Por LENIO LUIZ STRECK*
Muita gente da comunidade jurídica sustenta que as penas aplicadas aos golpistas do 8/1 foram excessivas, Por isso é que se formou o movimento que propõe um acordão, para aliviar a barra das centenas de golpistas presos e condenados (claro que esse movimento quer, mesmo, aliviar Bolsonaro e os demais).
Estão usando o montante das penas para negociar com a anistia, como se isso fosse possível. Pode até ocorrer, mas será uma traição à Constituição.
Um erro jurídico é dizer que o STF não apontou em detalhes as condutas individuais da massa do 8 de janeiro. E o fato de os crimes terem sido cometidos em turba seria contraditória com a condenação por associação criminosa. Tem jurista propondo até indulto parcial.
Há problemas jurídicos nas críticas. A questão do indulto ou anistia é opção política e há precedente do STF sobre isso no caso Daniel Silveira, dizendo não caber graça ou indulto para esse tipo de crime por existir vedação implícita. Afinal, nenhuma democracia pode cometer haraquiri perdoando quem lhe quis destruir. É uma contradição insuperável e desvio de finalidade do instituto.
É equivocado dizer também que o STF foi contraditório ao condenar por associação criminosa quando se trata de turba. Até porque no caso concreto a ação dos golpistas não se desenvolve apenas no dia 8; há um ajuste prévio naqueles acampamentos que clamavam por intervenção militar. Portanto, havia uma programação. Não há espontaneidade.
É claro que a associação criminosa exige uma certa permanência, mas – atenção – pelo tempo de duração dos acampamentos já se pode ver que havia uma (longa) permanência. Não foi um acampamento de um ou dois dias. Não foi algo de passagem para os golpistas.
Ora, o conceito de associação criminosa não é incompatível com crime cometido por multidão. Aliás, os autores não foram condenados aos crimes de tentativa de golpe e abolição violenta pelo fato de estarem em multidão. Isso foi utilizado para os crimes de dano. Uma coisa importante: pessoas podem se associar e nem mesmo virem a cometer o crime.
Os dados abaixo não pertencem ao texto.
lemma coeffs_below_truncation:
  assumes "\<And>t. t < 0 \<Longrightarrow> G t = 0"
  shows "coeffs_below N (\<Sum>M<N. monom (of_int (G (int M))) M) G"
  using assms by (simp add: coeffs_below_def coeff_sum)

lemma coeff_geometric_mult:
  assumes "coeffs_below N Q h" "n < N"
  shows "coeff ((\<Sum>i<p. monom 1 i) * Q) n = of_int (\<Sum>i<p. h (int n - int i))"
proof -
  have "coeff ((\<Sum>i<p. monom 1 i) * Q) n = (\<Sum>i<p. coeff (monom 1 i * Q) n)"
    by (simp add: sum_distrib_right coeff_sum)
  also have "\<dots> = (\<Sum>i<p. of_int (h (int n - int i)))"
  proof (intro sum.cong refl)
    fix i
    show "coeff (monom 1 i * Q) n = of_int (h (int n - int i))"
    proof (cases "i \<le> n")
      case True
      then have "int (n - i) = int n - int i" by simp
      then show ?thesis using True assms by (simp add: coeff_monom_mult coeffs_below_def)
    next
      case False
      then show ?thesis using assms by (simp add: coeff_monom_mult coeffs_below_def)
    qed
  qed
  finally show ?thesis by simp
qed

lemma coeff_mult_delta:
  fixes A B :: "complex poly"
  assumes "\<And>j. j \<le> n \<Longrightarrow> coeff B j = of_bool (j = 0)"
  shows "coeff (A * B) n = coeff A n"
proof -
  have "coeff (A * B) n = (\<Sum>i\<le>n. coeff A i * coeff B (n - i))" by (rule coeff_mult)
  also have "\<dots> = (\<Sum>i\<le>n. if i = n then coeff A i else 0)"
    using assms by (intro sum.cong refl) auto
  also have "\<dots> = coeff A n" by simp
  finally show ?thesis .
qed

lemma coeff_from_inverse_series:
  fixes Phi :: "complex poly" and G :: "int \<Rightarrow> int" and p q r n :: nat
  assumes identity: "Phi * ((1 - monom 1 (p*q)) * (1 - monom 1 (p*r)) * (1 - monom 1 (q*r)))
       = (1 - monom 1 (p*q*r)) * ((\<Sum>i<p. monom 1 i) * (1 - monom 1 q) * (1 - monom 1 r))"
    and G_neg: "\<And>t. t < 0 \<Longrightarrow> G t = 0"
    and G_inverse: "\<And>M. 0 \<le> M \<Longrightarrow> M < int (p*q*r) \<Longrightarrow>
      back_diff (int (p*q)) (back_diff (int (p*r)) (back_diff (int (q*r)) G)) M = of_bool (M = 0)"
    and n: "n < p*q*r"
  shows "coeff Phi n = of_int (\<Sum>i<p. back_diff (int q) (back_diff (int r) G) (int n - int i))"
proof -
  define N where "N = p*q*r"
  define C :: "complex poly" where "C = (\<Sum>M<N. monom (of_int (G (int M))) M)"
  define D :: "complex poly" where "D = (1 - monom 1 (p*q)) * (1 - monom 1 (p*r)) * (1 - monom 1 (q*r))"
  have C: "coeffs_below N C G" unfolding C_def using G_neg by (rule coeffs_below_truncation)
  have DC_diff: "coeffs_below N (D * C) (back_diff (int (p*q)) (back_diff (int (p*r)) (back_diff (int (q*r)) G)))"
    unfolding D_def mult.assoc by (intro coeffs_below_one_minus_monom C)
  have DC: "coeff (D * C) j = of_bool (j = 0)" if "j < N" for j
  proof -
    have "int j < int (p*q*r)" using that unfolding N_def by (simp only: of_nat_less_iff)
    then have "back_diff (int (p*q)) (back_diff (int (p*r)) (back_diff (int (q*r)) G)) (int j) = of_bool (j = 0)"
      using G_inverse[of "int j"] by simp
    then show ?thesis using that DC_diff unfolding coeffs_below_def by (metis of_int_of_bool)
  qed
  define Num :: "complex poly" where "Num = (\<Sum>i<p. monom 1 i) * (1 - monom 1 q) * (1 - monom 1 r)"
  have "coeffs_below N ((1 - monom 1 q) * ((1 - monom 1 r) * C)) (back_diff (int q) (back_diff (int r) G))"
    by (intro coeffs_below_one_minus_monom C)
  then have "coeff ((\<Sum>i<p. monom 1 i) * ((1 - monom 1 q) * ((1 - monom 1 r) * C))) n
      = of_int (\<Sum>i<p. back_diff (int q) (back_diff (int r) G) (int n - int i))"
    using n unfolding N_def by (rule coeff_geometric_mult)
  then have numerator: "coeff (Num * C) n = of_int (\<Sum>i<p. back_diff (int q) (back_diff (int r) G) (int n - int i))"
    unfolding Num_def by (simp only: mult.assoc)
  have "coeff Phi n = coeff (Phi * (D * C)) n"
    using n DC by (intro coeff_mult_delta[symmetric]) (simp add: N_def)
  also have "Phi * (D * C) = (1 - monom 1 N) * (Num * C)"
    using identity unfolding D_def N_def Num_def by (simp only: mult.assoc[symmetric])
  also have "coeff \<dots> n = coeff (Num * C) n"
    using n by (simp add: left_diff_distrib coeff_monom_mult N_def)
  finally show ?thesis using numerator by simp
qed

lemma mod_diff_cases:
  fixes x b P :: int
  assumes "0 \<le> x" "x < P" "0 \<le> b" "b \<le> P"
  shows "(x - b) mod P = x - b + P * of_bool (x < b)"
proof (cases "b \<le> x")
  case True
  then show ?thesis using assms by simp
next
  case False
  then have "(x - b) mod P = (x - b + P) mod P" by simp
  also have "\<dots> = x - b + P" using assms False by (intro mod_pos_pos_trivial) auto
  finally show ?thesis using False by simp
qed
lemma square_integrable_imp_absolutely_integrable:
  fixes h :: "real \<Rightarrow> complex^'n"
  assumes h: "square_integrable S h" and S: "S \<in> lmeasurable"
  shows "h absolutely_integrable_on S"
proof (rule measurable_bounded_by_integrable_imp_absolutely_integrable)
  show "h \<in> borel_measurable (lebesgue_on S)"
    using h S by (simp add: square_integrable_def measurable_on_iff_borel_measurable fmeasurableD)
  show "(\<lambda>x. 1 + (norm (h x))\<^sup>2) integrable_on S"
    using h S by (simp add: square_integrable_def integrable_add integrable_on_const)
  show "norm (h x) \<le> 1 + (norm (h x))\<^sup>2" for x
  proof -
    have "0 \<le> (norm (h x) - 1)\<^sup>2"
      by simp
    then have "2 * norm (h x) \<le> 1 + (norm (h x))\<^sup>2"
      by (simp add: power2_diff)
    then show ?thesis
      using norm_ge_zero[of "h x"] by linarith
  qed
qed (use S fmeasurableD in blast)

lemma square_integrable_exp_decay:
  fixes p q :: "complex^'n"
  shows "square_integrable {0..} (\<lambda>x. exp (-x) *\<^sub>R p + exp (-2 * x) *\<^sub>R q)"
proof (rule square_integrableI)
  show "(\<lambda>x. exp (-x) *\<^sub>R p + exp (-2 * x) *\<^sub>R q) measurable_on {0..}"
    by (simp add: measurable_on_iff_borel_measurable continuous_imp_measurable_on_sets_lebesgue
                  continuous_intros)
  show "(\<lambda>x. (norm p + norm q)\<^sup>2 * exp (- 2 * x)) integrable_on {0..}"
    by (intro integrable_on_mult_right integrable_on_exp_minus_to_infinity) simp
  show "(norm (exp (-x) *\<^sub>R p + exp (-2 * x) *\<^sub>R q))\<^sup>2 \<le> (norm p + norm q)\<^sup>2 * exp (- 2 * x)"
    if "x \<in> {0..}" for x
  proof -
    have exp_le: "exp (-2 * x) \<le> exp (-x)"
      using that by simp
    have "norm (exp (-x) *\<^sub>R p + exp (-2 * x) *\<^sub>R q) \<le> exp (-x) * norm p + exp (-x) * norm q"
      using norm_triangle_ineq[of "exp (-x) *\<^sub>R p" "exp (-2 * x) *\<^sub>R q"]
        mult_right_mono[OF exp_le norm_ge_zero[of q]]
      by simp
    then have "norm (exp (-x) *\<^sub>R p + exp (-2 * x) *\<^sub>R q) \<le> exp (-x) * (norm p + norm q)"
      by (simp add: distrib_left)
    then have "(norm (exp (-x) *\<^sub>R p + exp (-2 * x) *\<^sub>R q))\<^sup>2 \<le> (exp (-x) * (norm p + norm q))\<^sup>2"
      by (simp add: power_mono)
    also have "\<dots> = (norm p + norm q)\<^sup>2 * exp (- 2 * x)"
      by (simp add: power_mult_distrib power2_eq_square flip: exp_add)
    finally show ?thesis .
  qed
qed simp
lemma sum_injections_onto_eq_dI:
  fixes v :: "nat \<Rightarrow> real^'n" and lam :: "nat \<Rightarrow> real"
  assumes card_I: "card I = CARD('n)"
  shows "(\<Sum>g | inj g \<and> range g = I. (\<Prod>a\<in>UNIV. lam (g a) * v (g a) $ a) * det (\<chi> a. v (g a)))
         = dI v I * prod lam I"
proof -
  obtain f :: "'n \<Rightarrow> nat" where f: "bij_betw f UNIV I"
    using card_I by (rule obtain_bij_betw_UNIV)
  define W where "W = (\<chi> a. v (f a))"
  have f_inv: "f (inv_into UNIV f x) = x" if "x \<in> I" for x
    using f that by (metis bij_betw_imp_surj_on f_inv_into_f)
  have "(\<Sum>g | inj g \<and> range g = I. (\<Prod>a\<in>UNIV. lam (g a) * v (g a) $ a) * det (\<chi> a. v (g a)))
      = (\<Sum>p | p permutes UNIV.
           (\<Prod>a\<in>UNIV. lam (f (p a)) * v (f (p a)) $ a) * det (\<chi> a. v (f (p a))))"
  proof (rule sum.reindex_bij_witness[where i="\<lambda>p. f \<circ> p" and j="\<lambda>g. inv_into UNIV f \<circ> g"])
    fix p assume "p \<in> {p. p permutes (UNIV::'n set)}"
    then have "p permutes UNIV"
      by simp
    then have "bij_betw (f \<circ> p) UNIV I"
      using f by (meson bij_betw_trans permutes_imp_bij)
    then show "f \<circ> p \<in> {g. inj g \<and> range g = I}"
      by (auto simp: bij_betw_def)
    show "inv_into UNIV f \<circ> (f \<circ> p) = p"
      using f by (auto simp: fun_eq_iff bij_betw_def)
  next
    fix g assume "g \<in> {g::'n \<Rightarrow> nat. inj g \<and> range g = I}"
    then have g: "bij_betw g UNIV I"
      by (auto simp: bij_betw_def)
    then have f_inv_g: "f (inv_into UNIV f (g a)) = g a" for a
      using f_inv bij_betwE by blast
    then show "f \<circ> (inv_into UNIV f \<circ> g) = g"
      by (simp add: fun_eq_iff)
    show "inv_into UNIV f \<circ> g \<in> {p. p permutes UNIV}"
      using f g by (auto intro!: bij_imp_permutes intro: bij_betw_trans bij_betw_inv_into)
    show "(\<Prod>a\<in>UNIV. lam (f ((inv_into UNIV f \<circ> g) a)) * v (f ((inv_into UNIV f \<circ> g) a)) $ a)
          * det (\<chi> a. v (f ((inv_into UNIV f \<circ> g) a)))
        = (\<Prod>a\<in>UNIV. lam (g a) * v (g a) $ a) * det (\<chi> a. v (g a))"
      by (simp add: f_inv_g)
  qed
  also have "\<dots> = (\<Sum>p | p permutes UNIV.
                     prod lam I * det W * (of_int (sign p) * (\<Prod>a\<in>UNIV. W $ p a $ a)))"
  proof (rule sum.cong[OF refl])
    fix p assume "p \<in> {p. p permutes (UNIV::'n set)}"
    then have p: "p permutes UNIV"
      by simp
    have "bij_betw (f \<circ> p) UNIV I"
      using f p by (meson bij_betw_trans permutes_imp_bij)
    then have "(\<Prod>a\<in>UNIV. lam (f (p a))) = prod lam I"
      using prod.reindex_bij_betw by fastforce
    moreover have "det (\<chi> a. v (f (p a))) = of_int (sign p) * det W"
      unfolding W_def using det_permute_rows[OF p, of "\<chi> a. v (f a)"] by simp
    ultimately show "(\<Prod>a\<in>UNIV. lam (f (p a)) * v (f (p a)) $ a) * det (\<chi> a. v (f (p a))) =
        prod lam I * det W * (of_int (sign p) * (\<Prod>a\<in>UNIV. W $ p a $ a))"
      by (simp add: prod.distrib W_def)
  qed
  also have "\<dots> = prod lam I * det W * det (transpose W)"
    by (simp add: sum_distrib_left det_def transpose_def)
  also have "\<dots> = dI v I * prod lam I"
    using dI_eq_det_rows[OF f, of v] by (simp add: W_def power2_eq_square)
  finally show ?thesis .
qed
(* Let $N\ge 4$ and consider a box-kite in the $2^N$-dimensional Cayley–Dickson algebra, with strut constant $S$, zigzag L-indices $(a,b,c)$ (in CPO) and strut-opposite L-indices $f=a\oplus S$, $e=b\oplus S$, $d=c\oplus S$. Call the strut through a zigzag index $z$ and its strut-opposite $v=z\oplus S$ reversed if $(z,S,v)$ is not CPO (i.e. $e_Se_z=e_v$ rather than $e_ze_S=e_v$). Then the number of reversed struts is $0$ (Type I) or $2$ (Type II); in particular no box-kite has exactly one reversed strut ("Type III") or exactly three reversed struts ("Type IV").
   Context: Cayley–Dickson algebra of dimension $2^N$: basis units $e_0=1,e_1,\dots,e_{2^N-1}$ with $e_pe_q=\pm e_{p\oplus q}$ ($\oplus$ = bitwise XOR). A triple $(p,q,r)$ of distinct nonzero indices with $p\oplus q=r$ is CPO (a trip) if $e_pe_q=+e_r$; conventions: $(1,2,3)$ CPO; $(L,G,G+L)$ CPO for $G$ a power of two and $0<L<G$; if $(u,v,w)$ CPO with indices $<G$ then $(u,w+G,v+G)$ CPO. Let $G=2^{N-1}$, fix $0<S<G$ and $X=G+S$. For $0<l<G$, $l\ne S$, the assessor with L-index $l$ is the plane spanned by $e_l$ and $e_{l\oplus X}$ (its U-unit); its diagonals are the lines spanned by $e_l\pm e_{l\oplus X}$. Two assessors mutually zero-divide if some nonzero point of a diagonal of one times some nonzero point of a diagonal of the other is $0$. A box-kite is a configuration of six assessors with L-indices $a,b,c,d,e,f<G$ such that $a\oplus f=b\oplus e=c\oplus d=S$ (struts), $(a,b,c),(a,d,e),(d,b,f),(e,f,c)$ are CPO trips (sails), and every pair of assessors not on a common strut mutually zero-divides. Among the sails, exactly one, the zigzag $(a,b,c)$ (written CPO, $a$ smallest), has all three edges of negative sign, i.e. each zero product pairs oppositely sloped diagonals, such as $(e_a+e_A)(e_b-e_B)=0$. *)

theory Defs
  imports Complex_Main
begin
lemma circulant_colour_multiples:
  assumes prime: "prime (2 * k + 1)" and x: "\<not> (2 * int k + 1) dvd x"
  defines "a \<equiv> circulant_colour k x"
  shows "\<exists>m. circulant_colour k y = circulant_colour k (m * int a) \<and>
    circulant_colour k (x + y) = circulant_colour k ((m + 1) * int a)"
proof -
  let ?P = "2 * int k + 1"
  have a: "a \<in> {1..k}"
    unfolding a_def using x by (rule circulant_colour_range)
  have "x mod ?P = int a \<or> (- x) mod ?P = int a"
    by (rule circulant_colour_cases) (simp add: a_def)
  then obtain s where s: "s = 1 \<or> s = -1" "(s * x) mod ?P = int a"
    by (metis mult_1 mult_minus1)
  have colour_s: "circulant_colour k (s * z) = circulant_colour k z" for z
    using s(1) by (elim disjE) simp_all
  have "prime (int (2 * k + 1))"
    using prime by (simp only: prime_nat_int_transfer)
  then have "prime ?P"
    by (simp only: of_nat_add of_nat_mult of_nat_numeral of_nat_1)
  moreover have "\<not> ?P dvd int a"
  proof
    assume "?P dvd int a"
    then have "?P \<le> int a"
      using a by (intro zdvd_imp_le) auto
    then show False
      using a by simp
  qed
  ultimately obtain m where m: "(m * int a) mod ?P = (s * y) mod ?P"
    using prime_mod_solvable by blast
  have "circulant_colour k (m * int a) = circulant_colour k (s * y)"
    using m by (rule circulant_colour_mod_eq)
  then have y: "circulant_colour k y = circulant_colour k (m * int a)"
    by (simp add: colour_s)
  have "(s * (x + y)) mod ?P = ((s * x) mod ?P + (s * y) mod ?P) mod ?P"
    by (simp add: distrib_left mod_add_eq)
  also have "\<dots> = (int a + (m * int a) mod ?P) mod ?P"
    using s(2) m by simp
  also have "\<dots> = ((m + 1) * int a) mod ?P"
    by (simp add: mod_add_right_eq algebra_simps)
  finally have "circulant_colour k (s * (x + y)) = circulant_colour k ((m + 1) * int a)"
    by (rule circulant_colour_mod_eq)
  then have "circulant_colour k (x + y) = circulant_colour k ((m + 1) * int a)"
    by (simp add: colour_s)
  with y show ?thesis
    by blast
qed

lemma circulant_colour_triangle:
  assumes prime: "prime (2 * k + 1)" and x: "\<not> (2 * int k + 1) dvd x"
    and card: "card {circulant_colour k x, circulant_colour k y, circulant_colour k (x + y)} = 3"
  defines "a \<equiv> circulant_colour k x"
  shows "\<exists>j\<in>{2..k - 1}. {a, circulant_colour k y, circulant_colour k (x + y)} =
    {a, circulant_colour k (int j * int a), circulant_colour k (int (j + 1) * int a)}"
proof -
  obtain m where m: "circulant_colour k y = circulant_colour k (m * int a)"
    "circulant_colour k (x + y) = circulant_colour k ((m + 1) * int a)"
    using circulant_colour_multiples[OF prime x] unfolding a_def by blast
  have "a \<le> k"
    using circulant_colour_range[OF x] unfolding a_def by simp
  moreover have "circulant_colour k y \<noteq> a" "circulant_colour k (x + y) \<noteq> a"
    "circulant_colour k y \<noteq> circulant_colour k (x + y)"
    using card unfolding a_def by (auto simp: card_insert_if split: if_splits)
  ultimately show ?thesis
    unfolding m by (rule circulant_colour_triple)
qed

lemma circulant_triangle_set:
  assumes prime: "prime (2 * k + 1)"
    and t: "t \<in> multicoloured_triangle_sets (2 * k + 1) (circulant_colouring k)" and "a \<in> t"
  shows "\<exists>j\<in>{2..k - 1}.
    t = {a, circulant_colour k (int j * int a), circulant_colour k (int (j + 1) * int a)}"
proof -
  let ?c = "circulant_colour k"
  obtain u v w where uvw: "u < 2 * k + 1" "v < 2 * k + 1" "w < 2 * k + 1" "u \<noteq> v" "v \<noteq> w" "u \<noteq> w"
    and t_uvw: "t = {circulant_colouring k {u, v}, circulant_colouring k {v, w}, circulant_colouring k {u, w}}"
    and "card t = 3"
    using t unfolding multicoloured_triangle_sets_def by blast
  define e1 e2 e3 where "e1 = int v - int u" and "e2 = int w - int v" and "e3 = int u - int w"
  have t_e: "t = {?c e1, ?c e2, ?c e3}"
    using circulant_colour_uminus[of k e3]
    unfolding t_uvw circulant_colouring_pair e1_def e2_def e3_def by simp
  have not_dvd: "\<not> (2 * int k + 1) dvd e1" "\<not> (2 * int k + 1) dvd e2" "\<not> (2 * int k + 1) dvd e3"
    using of_nat_diff_not_dvd[OF uvw(1,2,4)] of_nat_diff_not_dvd[OF uvw(2,3,5)]
      of_nat_diff_not_dvd[OF uvw(3,1) uvw(6)[symmetric]]
    unfolding e1_def e2_def e3_def by (simp_all add: add.commute)
  have sums: "?c (e1 + e2) = ?c e3" "?c (e2 + e3) = ?c e1" "?c (e3 + e1) = ?c e2"
    using circulant_colour_uminus[of k e1] circulant_colour_uminus[of k e2] circulant_colour_uminus[of k e3]
    unfolding e1_def e2_def e3_def by (simp_all add: algebra_simps)
  from \<open>a \<in> t\<close> consider "a = ?c e1" | "a = ?c e2" | "a = ?c e3"
    unfolding t_e by blast
  then show ?thesis
  proof cases
    case 1
    then show ?thesis
      using circulant_colour_triangle[OF prime, of e1 e2] not_dvd(1) \<open>card t = 3\<close> unfolding t_e sums by simp
  next
    case 2
    have "t = {?c e2, ?c e3, ?c (e2 + e3)}"
      unfolding t_e sums by (simp only: insert_commute)
    then show ?thesis
      using circulant_colour_triangle[OF prime, of e2 e3] not_dvd(2) \<open>card t = 3\<close> 2 by simp
  next
    case 3
    have "t = {?c e3, ?c e1, ?c (e3 + e1)}"
      unfolding t_e sums by (simp only: insert_commute)
    then show ?thesis
      using circulant_colour_triangle[OF prime, of e3 e1] not_dvd(3) \<open>card t = 3\<close> 3 by simp
  qed
qed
Ademais, as penas – tidas por elevadas – foram aplicadas no modus operandi com que são aplicadas penas todos os dias no Brasil. Na verdade, aplicadas no mínimo. Brasil a fora os juízes pegam mais pesado. Ficaram altas porque as penas dos crimes são elevadas, aprovadas pelo legislador e sancionadas pelo então presidente Bolsonaro. E, veja-se: trata de tentativa e de golpe e abolição da democracia. As penas não poderiam ser do quilate de uma invasão de domicílio ou de furto. São crimes graves.
Lamentavelmente, o próprio governo Lula – vítima do golpe – não se portou como vítima e afrouxou. Deixou o STF sozinho. E isso tudo acabou dando vazão a um brasileiríssimo jeitinho de conciliar. Eis aí a possibilidade de um “acordão”. Ruim. Parece que não conseguimos concluir nada neste país. Nem mesmo a punição aos que quase nos tiraram a democracia. Triste.
*Lenio Luiz Streck é jurista e professor universitário.
Foto da capa: Débora Santos pichou ‘Perdeu, mané’ na estátua da Justiça, em frente ao STF/Gabriela Biló – 8.jan.2023/Folhapress
Respostas de 3
Continuamos amassando barro, não evoluímos como nação, vamos permitir que ocorra novamente.
Com toda a certeza, não deveria haver um dia de redução nas penas desses criminosos. Passaram muito tempo atormentando a população nos seus acampamentos golpistas, patrocinados por ricos e poderosos. Tudo foi divulgado na internet.
O professor Lênio sempre lúcido e certeiro. Não conseguimos nunca livrar o País dos sopros autoritários.